+++ Data provided +++

(* There is $c<\infty$ such that if $t_0>0$ and $0<\epsilon\le t_0^{3/2}$, then the $\mu$-measure of the set of loops $\gamma$ with $\gamma[0,t_\gamma]\subset\mathbb{D}$, $t_\gamma\ge t_0$, and $\gamma[0,t_\gamma]\not\subset\mathbb{D}_\epsilon$ is at most $c\,\epsilon\,t_0^{-3/2}$.
   Context: $\mathbb{D}=\{z\in\mathbb{C}:|z|<1\}$ and $\mathbb{D}_\epsilon=\{z\in\mathbb{D}:\mathrm{dist}(z,\partial\mathbb{D})>\epsilon\}$. A (rooted) loop is a continuous $\gamma:[0,t_\gamma]\to\mathbb{C}$, $0<t_\gamma<\infty$, $\gamma(0)=\gamma(t_\gamma)$. The Brownian loop measure $\mu$ on loops is the image of $\mu^{\rm br}\times(\text{area on }\mathbb{C})\times\frac{dt}{2\pi t^2}$ (on $(0,\infty)$) under $(\gamma,z,t)\mapsto z+t^{1/2}\gamma(\cdot/t)$ on $[0,t]$, where $\mu^{\rm br}$ is the law of the two-dimensional Brownian bridge $W_s-sW_1$, $0\le s\le1$, $W$ standard planar Brownian motion. Equivalently $\mu=\int_{\mathbb{C}}\int_0^\infty\frac{1}{2\pi t^2}\mu^{\rm br}_t(z)\,dt\,dz$, where $\mu^{\rm br}_t(z)$ is the law of a Brownian bridge of duration $t$ rooted at $z$. *)

theory Defs
  imports "HOL-Probability.Probability"
begin

definition unit_disk :: "complex set" where
  "unit_disk = ball 0 1"

definition inner_disk :: "real \<Rightarrow> complex set" where
  "inner_disk eps = {z \<in> unit_disk. infdist z (frontier unit_disk) > eps}"

definition gauss2_density :: "real \<Rightarrow> complex \<Rightarrow> real" where
  "gauss2_density h z = exp (- ((cmod z)^2) / (2 * h)) / (2 * pi * h)"

definition planar_BM :: "'a measure \<Rightarrow> (real \<Rightarrow> 'a \<Rightarrow> complex) \<Rightarrow> bool" where
  "planar_BM M W \<longleftrightarrow>
     prob_space M \<and>
     (\<forall>t. W t \<in> borel_measurable M) \<and>
     (\<forall>\<omega>\<in>space M. W 0 \<omega> = 0 \<and> continuous_on {0..} (\<lambda>t. W t \<omega>)) \<and>
     (\<forall>s t. 0 \<le> s \<and> s < t \<longrightarrow>
        distributed M lborel (\<lambda>\<omega>. W t \<omega> - W s \<omega>) (\<lambda>z. ennreal (gauss2_density (t - s) z))) \<and>
     (\<forall>(ts :: nat \<Rightarrow> real) n. 0 \<le> ts 0 \<and> (\<forall>i<n. ts i < ts (Suc i)) \<longrightarrow>
        prob_space.indep_vars M (\<lambda>_. borel) (\<lambda>i \<omega>. W (ts (Suc i)) \<omega> - W (ts i) \<omega>) {..<n})"

text \<open>A rooted loop is represented by its time duration t and a path gamma, only
  the values on [0,t] being relevant.\<close>
definition scaled_bridge_loop ::
    "(real \<Rightarrow> 'a \<Rightarrow> complex) \<Rightarrow> complex \<Rightarrow> real \<Rightarrow> 'a \<Rightarrow> real \<times> (real \<Rightarrow> complex)" where
  "scaled_bridge_loop W z t \<omega> =
     (t, \<lambda>s. z + complex_of_real (sqrt t) * (W (s / t) \<omega> - complex_of_real (s / t) * W 1 \<omega>))"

+++

Print exactly the lines from the one with "z t \<omega>" through the end of the data, inclusive.

_Result below_:
  "scaled_bridge_loop W z t \<omega> =
     (t, \<lambda>s. z + complex_of_real (sqrt t) * (W (s / t) \<omega> - complex_of_real (s / t) * W 1 \<omega>))"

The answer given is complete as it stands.